Which Is Better: Annuity Trust or Unitrust?

  1. Annuity trust. This type of trust pays a fixed dollar amount each year, which works well if you are seeking a reliable income.

The annuity trust may be advantageous if you want to be certain of the dollars received year-to-year. If you are concerned about the possibility of recessionary times and falling market values, the annuity trust may have greater appeal. Although you cannot add to this annuity trust later in order to increase income, you can create a new trust for that purpose.

  1. Standard unitrust. A unitrust will pay you a variable amount equal to a stated percentage of the net fair market value of the trust assets as recalculated yearly. Variations on the standard unitrust exist that allow you to have more control over the income distribution.

A unitrust may be a hedge against inflation. If you foresee economic growth resulting in appreciation of the trust’s assets, a unitrust is the best option. The valuation can rise or fall, but over time a well-managed unitrust may offer better protection of purchasing power than fixed dollar payments. A further advantage is that if you want to enlarge the trust later, you can make additional contributions without the cost of creating and administering more than one trust.

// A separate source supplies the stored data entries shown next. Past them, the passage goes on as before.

lemma mset_product_lists_permute_list:
  assumes \<pi>: "\<pi> permutes {..<length Ls}"
  shows "mset (product_lists (permute_list \<pi> Ls))
       = image_mset (permute_list \<pi>) (mset (product_lists Ls))"
proof (rule multiset_eqI)
  fix ys
  let ?n = "length Ls"
  show "count (mset (product_lists (permute_list \<pi> Ls))) ys
      = count (image_mset (permute_list \<pi>) (mset (product_lists Ls))) ys"
  proof (cases "length ys = ?n")
    case False
    then show ?thesis
      by (auto simp: count_mset_product_lists count_eq_zero_iff dest: in_set_product_lists_length)
  next
    case True
    define xs where "xs = permute_list (inv \<pi>) ys"
    have "permute_list \<pi> xs = permute_list (inv \<pi> \<circ> \<pi>) ys"
      unfolding xs_def by (rule permute_list_compose[symmetric]) (simp add: True \<pi>)
    then have ys: "ys = permute_list \<pi> xs"
      by (simp add: permutes_inv_o(2)[OF \<pi>])
    have "inj_on (permute_list \<pi>) (insert xs (set_mset (mset (product_lists Ls))))"
      by (rule inj_on_subset[OF inj_on_permute_list[OF \<pi>]])
        (auto simp: xs_def True dest: in_set_product_lists_length)
    then have "count (image_mset (permute_list \<pi>) (mset (product_lists Ls))) ys
        = count (mset (product_lists Ls)) xs"
      unfolding ys by (rule count_image_mset_inj_on)
    also have "\<dots> = (\<Prod>i<?n. count (mset (Ls ! i)) (xs ! i))"
      using True by (simp add: count_mset_product_lists xs_def)
    also have "\<dots> = (\<Prod>j<?n. count (mset (Ls ! \<pi> j)) (xs ! \<pi> j))"
      by (rule prod.permute[OF \<pi>, unfolded comp_def])
    also have "\<dots> = count (mset (product_lists (permute_list \<pi> Ls))) ys"
      using True \<pi> by (simp add: count_mset_product_lists ys permute_list_nth)
    finally show ?thesis ..
  qed
qed

lemma length_blocks [simp]: "length (blocks ls xs) = length ls"
  by (induction ls arbitrary: xs) auto

lemma blocks_concat: "blocks (map length xss) (concat xss) = xss"
  by (induction xss) auto

lemma coefs_Nil [simp]: "coefs [] e = 0"
  by (simp add: coefs_def)

lemma coefs_Cons: "coefs ((e', c) # T) e = (if e' = e then c else 0) + coefs T e"
  by (simp add: coefs_def)

lemma coefs_append [simp]: "coefs (T @ U) e = coefs T e + coefs U e"
  by (simp add: coefs_def)

lemma coefs_single_add: "coefs [(f, u + v)] e = coefs [(f, u)] e + coefs [(f, v)] e"
  by (simp add: coefs_Cons)

lemma coefs_eq_sum_list: "coefs T e = (\<Sum>x\<leftarrow>T. coefs [x] e)"
  by (induction T) (auto simp: coefs_Cons)

lemma coefs_concat: "coefs (concat Ts) e = (\<Sum>T\<leftarrow>Ts. coefs T e)"
  by (induction Ts) auto

lemma coefs_mset_cong: "mset T = mset U \<Longrightarrow> coefs T e = coefs U e"
  unfolding coefs_eq_sum_list[of T] coefs_eq_sum_list[of U] by (rule sum_list_mset_cong)

lemma sum_list_additive_eq_sum_coefs:
  fixes f :: "nat list \<Rightarrow> 'c::ab_group_add \<Rightarrow> 'm::ab_group_add"
  assumes add: "\<And>x c d. f x (c + d) = f x c + f x d"
    and S: "finite S" "fst ` set T \<subseteq> S"
  shows "(\<Sum>p\<leftarrow>T. f (fst p) (snd p)) = (\<Sum>x\<in>S. f x (coefs T x))"
proof -
  have zero: "f x 0 = 0" for x
    using add[of x 0 0] by simp
  show ?thesis
    using S(2)
  proof (induction T)
    case Nil
    then show ?case by (simp add: zero)
  next
    case (Cons p T)
    have "f x (coefs (p # T) x) = (if x = fst p then f x (snd p) else 0) + f x (coefs T x)" for x
      by (cases p) (simp add: coefs_Cons add zero)
    then have "(\<Sum>x\<in>S. f x (coefs (p # T) x)) = f (fst p) (snd p) + (\<Sum>x\<in>S. f x (coefs T x))"
      using Cons.prems S(1) by (simp add: sum.distrib)
    with Cons show ?case by simp
  qed
qed
(* Let $Q$ be a QNP and $P=T_D(Q)$. A policy $\pi$ for $P$ is $P$-terminating if and only if the procedure Sieve reduces the policy graph $\mathcal{G}(P,\pi)$ to an acyclic graph.
   Context: A QNP is a tuple $Q=\langle F,V,I,O,G\rangle$ with finite sets $F$ of propositional variables and $V$ of numerical (non-negative real) variables; $I$, $G$ are sets of literals $p,\neg p$ ($p\in F$), $X=0$, $X>0$ ($X\in V$); each action $a\in O$ has a precondition (set of such literals), propositional effects (set of $F$-literals), and numerical effects $N(a)$ consisting of atoms $Inc(X)$, $Dec(X)$ (at most one per variable), with $X>0$ in the precondition whenever $Dec(X)\in N(a)$. The direct translation $T_D(Q)$ is the FOND problem over $F\cup\{p_{X=0}:X\in V\}$ obtained by reading $X=0$ as $p_{X=0}$ and $X>0$ as $\neg p_{X=0}$ in $I$, $G$, and preconditions, keeping propositional effects, replacing $Inc(X)$ by the deterministic effect $\neg p_{X=0}$ and $Dec(X)$ by the nondeterministic effect $\neg p_{X=0}\mid p_{X=0}$; it has a unique initial state (atoms not in $I$ are false). For a state $\bar s$ and action $a$ applicable in it, $F(a,\bar s)$ is the set of possible successors. A policy $\pi$ for $P$ is a partial map from states to actions; a $\pi$-trajectory is a sequence $\bar s_0,\bar s_1,\dots$ from the initial state with $\pi(\bar s_i)$ applicable and $\bar s_{i+1}\in F(\pi(\bar s_i),\bar s_i)$. An action of $P$ is a $Dec(X)$ (resp. $Inc(X)$) action if it comes from an action of $Q$ with $Dec(X)$ (resp. $Inc(X)$) in its numerical effects. An infinite $\pi$-trajectory is terminating if there is $X\in V$ such that $\pi(\bar s)$ is a $Dec(X)$ action for some state $\bar s$ occurring infinitely often in it and $\pi(\bar s')$ is not an $Inc(X)$ action for any state $\bar s'$ occurring infinitely often in it; $\pi$ is $P$-terminating iff every infinite $\pi$-trajectory is terminating. The policy graph $\mathcal{G}(P,\pi)$ has as nodes the states of $P$ reachable from the initial state by $\pi$-trajectories, and edges $(\bar s,\bar s')$ for $\bar s'\in F(\pi(\bar s),\bar s)$, labeled by $\pi(\bar s)$. The procedure Sieve on a graph $\mathcal G$ repeats: compute the strongly connected components (SCCs) of $\mathcal G$; choose an SCC $C$ and a variable $X\in V$ such that $\pi(\bar s)$ is a $Dec(X)$ action for some $\bar s\in C$ and $\pi(\bar s)$ is an $Inc(X)$ action for no $\bar s\in C$; remove all edges $(\bar s,\bar s')$ with $\bar s,\bar s'\in C$ and $\pi(\bar s)$ a $Dec(X)$ action; until $\mathcal G$ is acyclic or no such $C,X$ exist. *)

theory Defs
  imports Main "HOL-Library.Infinite_Set"
begin

datatype ('f, 'v) qlit = Pos 'f | Neg 'f | EqZ 'v | GtZ 'v

text \<open>Numerical effect atoms Inc(X), Dec(X). A numerical effect of an action is a map
  'v => neff option, which enforces "at most one atom per variable".\<close>
datatype neff = Inc | Dec

text \<open>A QNP <F,V,I,O,G>. Actions are abstract names of type 'a, with precondition,
  propositional effects (a set of F-literals, (p,True) = p, (p,False) = not p) and
  numerical effects.\<close>
record ('f, 'v, 'a) qnp =
  qF   :: "'f set"
  qV   :: "'v set"
  qI   :: "('f, 'v) qlit set"
  qO   :: "'a set"
  qG   :: "('f, 'v) qlit set"
  qpre :: "'a \<Rightarrow> ('f, 'v) qlit set"
  qeff :: "'a \<Rightarrow> ('f \<times> bool) set"
  qnum :: "'a \<Rightarrow> 'v \<Rightarrow> neff option"

definition lit_ok :: "('f, 'v, 'a) qnp \<Rightarrow> ('f, 'v) qlit \<Rightarrow> bool" where
  "lit_ok Q l = (case l of Pos p \<Rightarrow> p \<in> qF Q | Neg p \<Rightarrow> p \<in> qF Q
                          | EqZ X \<Rightarrow> X \<in> qV Q | GtZ X \<Rightarrow> X \<in> qV Q)"

definition qnp_wf :: "('f, 'v, 'a) qnp \<Rightarrow> bool" where
  "qnp_wf Q \<longleftrightarrow>
     finite (qF Q) \<and> finite (qV Q) \<and> finite (qO Q) \<and>
     (\<forall>l \<in> qI Q. lit_ok Q l) \<and> (\<forall>l \<in> qG Q. lit_ok Q l) \<and>
     (\<forall>a \<in> qO Q.
        (\<forall>l \<in> qpre Q a. lit_ok Q l) \<and>
        (\<forall>(p, b) \<in> qeff Q a. p \<in> qF Q) \<and>
        (\<forall>X. qnum Q a X \<noteq> None \<longrightarrow> X \<in> qV Q) \<and>
        (\<forall>X. qnum Q a X = Some Dec \<longrightarrow> GtZ X \<in> qpre Q a))"

text \<open>Atoms of T_D(Q): the propositional variables of Q and one atom p_{X=0} per
  numerical variable X. A state is the set of atoms that are true.\<close>
datatype ('f, 'v) atom = Prop 'f | Zero 'v

type_synonym ('f, 'v) state = "('f, 'v) atom set"

record ('s, 'a) fond =
  f_atoms :: "'s"
  f_init  :: "'s"
  f_acts  :: "'a set"
  f_app   :: "'a \<Rightarrow> 's \<Rightarrow> bool"
  f_succ  :: "'a \<Rightarrow> 's \<Rightarrow> 's set"

definition holds :: "('f, 'v) state \<Rightarrow> ('f, 'v) qlit \<Rightarrow> bool" where
  "holds s l = (case l of Pos p \<Rightarrow> Prop p \<in> s | Neg p \<Rightarrow> Prop p \<notin> s
                        | EqZ X \<Rightarrow> Zero X \<in> s | GtZ X \<Rightarrow> Zero X \<notin> s)"
(* Let $g\colon\mathbb X\to\mathbb Y$ be continuous, let $D\subset\mathbb Y$ be nonempty and closed, and let $\Phi\colon\mathbb X\rightrightarrows\mathbb Y$ be given by $\Phi(x):=g(x)-D$ for all $x\in\mathbb X$. Fix $(x,y)\in\operatorname{gph}\Phi$. Then: (i) For each $y^*\in\mathbb Y$, \[\widehat D^*\Phi(x,y)(y^* )\subset\begin{cases}\widehat D^*g(x)(y^* )& \text{if } y^*\in\widehat{\mathcal N}_D(g(x)-y),\\ \varnothing&\text{otherwise},\end{cases}\] and the opposite inclusion holds if $g$ is calm at $x$. (ii) For each $y^*\in\mathbb Y$, \[D^*\Phi(x,y)(y^* )\subset\begin{cases}D^*g(x)(y^* )& \text{if } y^*\in\mathcal N_D(g(x)-y),\\ \varnothing&\text{otherwise}.\end{cases}\] (iii) If $g$ is calm at $x$, then for each pair of directions $(u,v)\in\mathbb X\times\mathbb Y$ and each $y^*\in\mathbb Y$, $D^*\Phi((x,y);(u,v))(y^* )$ is contained in the union, over all $w\in Dg(x)(u)$ with $y^*\in\mathcal N_D(g(x)-y;w-v)$, of the sets $D^*g(x;(u,w))(y^* )$ (and is empty if no such $w$ exists).
   Context: $\mathbb X,\mathbb Y$ are Euclidean spaces. For a closed set $Q$ and $\bar z\in Q$, $\widehat{\mathcal N}_Q(\bar z)=\{\eta\mid \langle\eta,z-\bar z\rangle\le o(\|z-\bar z\|)\ \forall z\in Q\}$ is the regular normal cone, $\mathcal N_Q(\bar z)$ the limiting normal cone (limits of $\eta_k\in\widehat{\mathcal N}_Q(z_k)$ with $Q\ni z_k\to\bar z$); both are empty for $\bar z\notin Q$. For a direction $w$, the directional limiting normal cone $\mathcal N_Q(\bar z;w)$ is the set of all $\eta$ for which there exist $w_k\to w$, $t_k\searrow0$, $\eta_k\to\eta$ with $\eta_k\in\widehat{\mathcal N}_Q(\bar z+t_kw_k)$ for all $k$. For a set-valued map $\Psi$ with closed graph and $(\bar x,\bar y)\in\operatorname{gph}\Psi$: $\widehat D^*\Psi(\bar x,\bar y)(y^* )=\{x^*\mid(x^*,-y^* )\in\widehat{\mathcal N}_{\operatorname{gph}\Psi}(\bar x,\bar y)\}$ (regular coderivative), $D^*\Psi(\bar x,\bar y)(y^* )=\{x^*\mid(x^*,-y^* )\in\mathcal N_{\operatorname{gph}\Psi}(\bar x,\bar y)\}$ (limiting coderivative), and $D^*\Psi((\bar x,\bar y);(u,v))(y^* )=\{x^*\mid(x^*,-y^* )\in\mathcal N_{\operatorname{gph}\Psi}((\bar x,\bar y);(u,v))\}$ (directional limiting coderivative). For single-valued $g$ one writes $\widehat D^*g(x)$, $D^*g(x)$, $D^*g(x;(u,w))$. The graphical derivative $Dg(x)(u)$ is the set of $w$ with $(u,w)$ in the (Bouligand) tangent cone to $\operatorname{gph}g$ at $(x,g(x))$. $g$ is calm at $x$ if there are a neighbourhood $U$ of $x$ and $L>0$ with $\|g(x')-g(x)\|\le L\|x'-x\|$ for all $x'\in U$. *)

theory Defs
  imports "HOL-Analysis.Analysis"
begin

definition reg_normal :: "'a::euclidean_space set \<Rightarrow> 'a \<Rightarrow> 'a set" where
  "reg_normal Q zb = {\<eta>. zb \<in> Q \<and>
     (\<forall>\<epsilon>>0. \<exists>\<delta>>0. \<forall>z\<in>Q. norm (z - zb) < \<delta> \<longrightarrow> \<eta> \<bullet> (z - zb) \<le> \<epsilon> * norm (z - zb))}"

definition lim_normal :: "'a::euclidean_space set \<Rightarrow> 'a \<Rightarrow> 'a set" where
  "lim_normal Q zb = {\<eta>. zb \<in> Q \<and> (\<exists>z e. (\<forall>k. z k \<in> Q \<and> e k \<in> reg_normal Q (z k))
       \<and> z \<longlonglongrightarrow> zb \<and> e \<longlonglongrightarrow> \<eta>)}"

definition dir_normal :: "'a::euclidean_space set \<Rightarrow> 'a \<Rightarrow> 'a \<Rightarrow> 'a set" where
  "dir_normal Q zb w = {\<eta>. \<exists>ws t e. ws \<longlonglongrightarrow> w \<and> (\<forall>k. t k > 0) \<and> t \<longlonglongrightarrow> 0
       \<and> e \<longlonglongrightarrow> \<eta> \<and> (\<forall>k. e k \<in> reg_normal Q (zb + t k *\<^sub>R ws k))}"

definition tangent_cone :: "'a::euclidean_space set \<Rightarrow> 'a \<Rightarrow> 'a set" where
  "tangent_cone Q zb = {d. \<exists>t ds. (\<forall>k. t k > 0) \<and> t \<longlonglongrightarrow> 0 \<and> ds \<longlonglongrightarrow> d
       \<and> (\<forall>k. zb + t k *\<^sub>R ds k \<in> Q)}"

definition gph :: "('a \<Rightarrow> 'b set) \<Rightarrow> ('a \<times> 'b) set" where
  "gph \<Psi> = {(x, y). y \<in> \<Psi> x}"

definition reg_coderiv :: "('a::euclidean_space \<Rightarrow> 'b::euclidean_space set) \<Rightarrow> 'a \<Rightarrow> 'b \<Rightarrow> 'b \<Rightarrow> 'a set" where
  "reg_coderiv \<Psi> x y ys = {xs. (xs, - ys) \<in> reg_normal (gph \<Psi>) (x, y)}"

definition lim_coderiv :: "('a::euclidean_space \<Rightarrow> 'b::euclidean_space set) \<Rightarrow> 'a \<Rightarrow> 'b \<Rightarrow> 'b \<Rightarrow> 'a set" where
  "lim_coderiv \<Psi> x y ys = {xs. (xs, - ys) \<in> lim_normal (gph \<Psi>) (x, y)}"

definition dir_coderiv :: "('a::euclidean_space \<Rightarrow> 'b::euclidean_space set) \<Rightarrow> 'a \<Rightarrow> 'b \<Rightarrow> 'a \<Rightarrow> 'b \<Rightarrow> 'b \<Rightarrow> 'a set" where
  "dir_coderiv \<Psi> x y u v ys = {xs. (xs, - ys) \<in> dir_normal (gph \<Psi>) (x, y) (u, v)}"

text \<open>Single-valued versions, via the map x \<mapsto> {g x}.\<close>
definition sv :: "('a \<Rightarrow> 'b) \<Rightarrow> 'a \<Rightarrow> 'b set" where
  "sv g = (\<lambda>x. {g x})"

definition graph_deriv :: "('a::euclidean_space \<Rightarrow> 'b::euclidean_space) \<Rightarrow> 'a \<Rightarrow> 'a \<Rightarrow> 'b set" where
  "graph_deriv g x u = {w. (u, w) \<in> tangent_cone (gph (sv g)) (x, g x)}"

definition calm_at :: "('a::real_normed_vector \<Rightarrow> 'b::real_normed_vector) \<Rightarrow> 'a \<Rightarrow> bool" where
  "calm_at g x \<longleftrightarrow> (\<exists>U L. open U \<and> x \<in> U \<and> L > 0 \<and> (\<forall>x'\<in>U. norm (g x' - g x) \<le> L * norm (x' - x)))"

end

theory Submission
  imports Defs
begin

text \<open>
  The graph of \<open>\<Phi>\<close> is the preimage of \<open>D\<close> under \<open>(a, b) \<mapsto> g a - b\<close>. Regular normals to
  \<open>gph \<Phi>\<close> at \<open>(p, q)\<close> pull back along the isometric embeddings \<open>d \<mapsto> (p, g p - d)\<close> of \<open>D\<close> and
  \<open>z \<mapsto> z - (0, g p - q)\<close> of \<open>gph g\<close>, which gives the inclusions with no assumption on \<open>g\<close>.
  Conversely, if \<open>g\<close> is calm then so are \<open>(a, b) \<mapsto> (a, g a)\<close> and \<open>(a, b) \<mapsto> g a - b\<close>, and the
  \<open>o(\<parallel>\<cdot>\<parallel>)\<close> estimates of a normal to \<open>D\<close> and of a normal to \<open>gph g\<close> pulled back along them add
  up to the estimate for \<open>gph \<Phi>\<close>. Limiting and directional normals follow by applying the
  pointwise result along the approximating sequences; in the directional case calmness bounds
  the difference quotients of \<open>g\<close>, and a convergent subsequence produces \<open>w \<in> Dg(x)(u)\<close>.
\<close>

lemma mem_gph_sv_iff: "(a, b) \<in> gph (sv g) \<longleftrightarrow> b = g a"
  by (simp add: gph_def sv_def)

lemma mem_gph_diff_iff:
  fixes g :: "'a \<Rightarrow> 'b::ab_group_add"
  assumes "\<And>x. \<Phi> x = (\<lambda>d. g x - d) ` D"
  shows "(a, b) \<in> gph \<Phi> \<longleftrightarrow> g a - b \<in> D"
  by (auto simp: gph_def assms image_iff intro: bexI[of _ "g a - b"])

definition upper_little_o :: "('a::real_normed_vector \<Rightarrow> real) \<Rightarrow> 'a set \<Rightarrow> 'a \<Rightarrow> bool" where
  "upper_little_o \<phi> S zb \<longleftrightarrow>
     (\<forall>\<epsilon>>0. \<exists>\<delta>>0. \<forall>z\<in>S. norm (z - zb) < \<delta> \<longrightarrow> \<phi> z \<le> \<epsilon> * norm (z - zb))"

lemma reg_normal_iff_upper_little_o:
  "\<eta> \<in> reg_normal Q zb \<longleftrightarrow> zb \<in> Q \<and> upper_little_o (\<lambda>z. \<eta> \<bullet> (z - zb)) Q zb"
  by (simp add: reg_normal_def upper_little_o_def)
lemma SUP_GR_two_newton_blocks:
  fixes \<mu>1 \<mu>2 c1 c2 a1 a2 :: "nat \<Rightarrow> complex"
  assumes big: "\<And>r. r < K \<Longrightarrow> 1 < cmod (\<mu>1 r)"
    and decreasing: "\<And>r s. r \<le> s \<Longrightarrow> s < K \<Longrightarrow> cmod (\<mu>1 s) \<le> cmod (\<mu>1 r)"
    and small: "\<And>r. r < L \<Longrightarrow> cmod (\<mu>2 r) \<le> 1"
    and a: "\<And>n. a n = a1 n + a2 n"
    and a1: "\<And>m. a1 m = (\<Sum>s<K. c1 s * newton_seq \<mu>1 s m)"
    and a2: "\<And>m. a2 m = (\<Sum>s<L. c2 s * newton_seq \<mu>2 s m)"
    and nondegenerate: "det (mat K K (\<lambda>(t, j). shift_coords \<mu>1 K c1 j t)) \<noteq> 0"
  shows "(SUP k. GR k a) = ereal (\<Prod>r<K. cmod (\<mu>1 r))"
proof -
  define X where "X i r = (if r < K then newton_seq \<mu>1 r i else newton_seq \<mu>2 (r - K) i)" for i r
  define M where "M n = block_diag K (shift_matrix \<mu>1 n) (shift_matrix \<mu>2 n)" for n
  define Y where "Y t j = (if t < K then shift_coords \<mu>1 K c1 j t else shift_coords \<mu>2 L c2 j (t - K))"
    for t j
  define \<rho> where "\<rho> r = (if r < K then cmod (\<mu>1 r) else 1)" for r
  have "a (n + i + j) = (\<Sum>r<K + L. X i r * (\<Sum>t<K + L. M n r t * Y t j))" for n i j
    using a newton_expansion_hankel[OF a1, of n i j] newton_expansion_hankel[OF a2, of n i j]
    by (simp add: sum_lessThan_add X_def M_def Y_def block_diag_def)
  moreover have "cmod (M n r t) \<le> (real n + 1) ^ (K + L) * \<rho> r ^ n" if "r < K + L" "t < K + L" for n r t
    unfolding M_def \<rho>_def using big decreasing small that by (rule norm_block_diag_shift_matrix_le)
  moreover have "M n r t = 0" if "r < K" "K \<le> t" for n r t
    using that by (simp add: M_def block_diag_def)
  moreover have "M n r t = 0" if "t < r" "r < K" for n r t
    using that by (simp add: M_def block_diag_def shift_matrix_below_diag)
  moreover have "cmod (M n r r) = \<rho> r ^ n" if "r < K" for n r
    using that by (simp add: M_def block_diag_def \<rho>_def shift_matrix_diag norm_power)
  moreover have "mat K K (\<lambda>(i, r). X i r) = mat K K (\<lambda>(i, r). newton_seq \<mu>1 r i)"
    by (rule eq_matI) (auto simp: X_def)
  moreover have "mat K K (\<lambda>(t, j). Y t j) = mat K K (\<lambda>(t, j). shift_coords \<mu>1 K c1 j t)"
    by (rule eq_matI) (auto simp: Y_def)
  ultimately interpret dominant_hankel_factorization a "K + L" X Y M \<rho> K
    using big nondegenerate det_newton_seq_mat[of K \<mu>1]
    by unfold_locales (auto simp: \<rho>_def less_imp_le)
  show ?thesis using SUP_GR_eq by (simp add: \<rho>_def)
qed

lemma degree_annihilator_of_component_ge:
  assumes "linearly_recurrent a" and "min_poly a = p * q" and "q \<noteq> 0"
    and "\<And>n. a n = a1 n + a2 n" and "poly_shift q a2 = (\<lambda>_. 0)"
    and "poly_shift W a1 = (\<lambda>_. 0)" and "W \<noteq> 0"
  shows "degree p \<le> degree W"
proof -
  have "a = (\<lambda>n. a1 n + a2 n)" using assms(4) by auto
  then have "poly_shift q a n = poly_shift q a1 n" for n
    using assms(5) by (simp add: poly_shift_seq_add)
  then have "poly_shift q a = poly_shift q a1" ..
  then have "poly_shift (W * q) a = (\<lambda>_. 0)"
    using assms(6) by (simp add: poly_shift_mult poly_shift_commute[of W])
  then have "p * q dvd W * q" unfolding assms(2)[symmetric] by (rule min_poly_dvd[OF assms(1)])
  then have "p dvd W" using \<open>q \<noteq> 0\<close> by simp
  then show ?thesis using \<open>W \<noteq> 0\<close> by (rule dvd_imp_degree_le)
qed

theorem SUP_GR_eq_outer_roots:
  assumes "linearly_recurrent a"
  shows "(SUP k. GR k a) = ereal (\<Prod>z\<in>#outer_roots (min_poly a). cmod z)"
proof -
  obtain \<mu>1 K \<mu>2 L
    where factor: "min_poly a = (\<Prod>r<(K::nat). [:-\<mu>1 r, 1:]) * (\<Prod>r<(L::nat). [:-\<mu>2 r, 1:])"
      and big: "\<And>r. r < K \<Longrightarrow> 1 < cmod (\<mu>1 r)" and small: "\<And>r. r < L \<Longrightarrow> cmod (\<mu>2 r) \<le> 1"
      and decreasing: "\<And>r s. r \<le> s \<Longrightarrow> s < K \<Longrightarrow> cmod (\<mu>1 s) \<le> cmod (\<mu>1 r)"
      and measure: "(\<Prod>r<K. cmod (\<mu>1 r)) = (\<Prod>z\<in>#outer_roots (min_poly a). cmod z)"
    using monic_poly_outer_inner_factorization[OF min_poly_monic[OF assms]] by blast
  define pb where "pb = (\<Prod>r<K. [:-\<mu>1 r, 1:])"
  define ps where "ps = (\<Prod>r<L. [:-\<mu>2 r, 1:])"
  have "poly pb z = 0 \<Longrightarrow> \<exists>r<K. z = \<mu>1 r" "poly ps z = 0 \<Longrightarrow> \<exists>r<L. z = \<mu>2 r" for z
    unfolding pb_def ps_def poly_prod by (auto simp: prod_zero_iff)
  then have "poly pb z = 0 \<Longrightarrow> 1 < cmod z" "poly ps z = 0 \<Longrightarrow> cmod z \<le> 1" for z
    using big small by blast+
  moreover have "pb \<noteq> 0" by (simp add: pb_def)
  ultimately have "coprime pb ps" by (intro coprime_if_no_common_root) force+
  moreover have "poly_shift (pb * ps) a = (\<lambda>_. 0)"
    using poly_shift_min_poly[OF assms] by (simp add: factor pb_def ps_def)
  ultimately obtain a1 a2 where a: "\<And>n. a n = a1 n + a2 n"
    and a1: "poly_shift pb a1 = (\<lambda>_. 0)" and a2: "poly_shift ps a2 = (\<lambda>_. 0)"
    using poly_shift_coprime_split by blast
  obtain c1 where c1: "\<And>m. a1 m = (\<Sum>s<K. c1 s * newton_seq \<mu>1 s m)"
    using a1 newton_seq_expansion unfolding pb_def by blast
  obtain c2 where c2: "\<And>m. a2 m = (\<Sum>s<L. c2 s * newton_seq \<mu>2 s m)"
    using a2 newton_seq_expansion unfolding ps_def by blast
  have "min_poly a = pb * ps" "ps \<noteq> 0" by (simp_all add: factor pb_def ps_def)
  then have "degree pb \<le> degree W" if "poly_shift W a1 = (\<lambda>_. 0)" "W \<noteq> 0" for W
    by (rule degree_annihilator_of_component_ge[OF assms _ _ a a2 that])
  then have "K \<le> degree W" if "poly_shift W a1 = (\<lambda>_. 0)" "W \<noteq> 0" for W
    using that by (simp add: pb_def degree_prod_sum_eq)
  then have "det (mat K K (\<lambda>(t, j). shift_coords \<mu>1 K c1 j t)) \<noteq> 0"
    by (intro det_shift_coords_nonzero[OF c1]) auto
  then show ?thesis
    using SUP_GR_two_newton_blocks[OF big decreasing small a c1 c2] measure by simp
qed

There is also a variation on the standard unitrust that pays the lesser of the trust’s earned income at the stated percentage payout each year. We can explain this option – if you are interested, feel free to contact us.

Significant Tax Benefits

Now consider the major and wide-ranging tax savings realized by the creation of a CRT.

First, when the trust is funded, you immediately obtain the benefit of a sizable income tax charitable deduction. This is equal to the present value of the remainder interest ultimately payable to Bluefield University and is based on Internal Revenue Service life expectancy tables and current interest rates. The older the beneficiary, and the lower the income payout (minimum of 5% is required), the greater the charitable deduction.

Highly-appreciated assets that generate low current income are an ideal funding medium. While you may be reluctant to sell such assets directly because of the tax you would pay on the gain, you can transfer them to the trust without incurring the capital gains tax. The trust can sell the assets without incurring any tax and then reinvest the proceeds in order to secure a higher current income yield (provided that there is absolutely no prearrangement of any such sale).

Perhaps over the years, your personal investments have grown handsomely, but you realize that the yield is inadequate. Unfortunately, if you sell and reinvest in higher-yielding securities, you would lose part of any such gains to taxes.

The alternative? Transfer the appreciated securities to a CRT. In return for the gift, you might receive income two-to-four times greater than the current dividend from the typical growth stock.

Example:  Mary, age 73, owns several stocks with a market value of $200,000, but they pay dividends of only $4,000 a year, or 2 percent of market value. She decides to transfer these securities to a charitable remainder annuity trust that will pay her $10,000 a year, increasing her gross income by $6,000. Moreover, Mary will receive an income tax deduction equal to about one-half of her $200,000 contribution to the trust.

If Mary had sold the stocks instead, she would pay a large tax on her capital gain. Their cost basis is $40,000, compared to the current market value of $200,000, resulting in a gain of $160,000. At a federal capital gains tax rate of 15 percent, the federal tax would be $24,000, and there could also be state taxes. This would leave her with, at most, $176,000 to reinvest, so she would have to find stocks that pay dividends of at least 5.69 percent to receive the same $10,000 her trust can pay her.

In addition to immediate tax savings, there are other reasons Mary felt the creation of a trust made sense. First, she was relieved of asset management worries. Mary no longer had the day-to-day concerns of investing for needed income. Also, she freed herself of similar concerns in the future, when ill health or other factors may complicate estate management. Second, there were significant estate tax advantages. The charitable gift made through her CRT will not be taxed in Mary’s estate at death.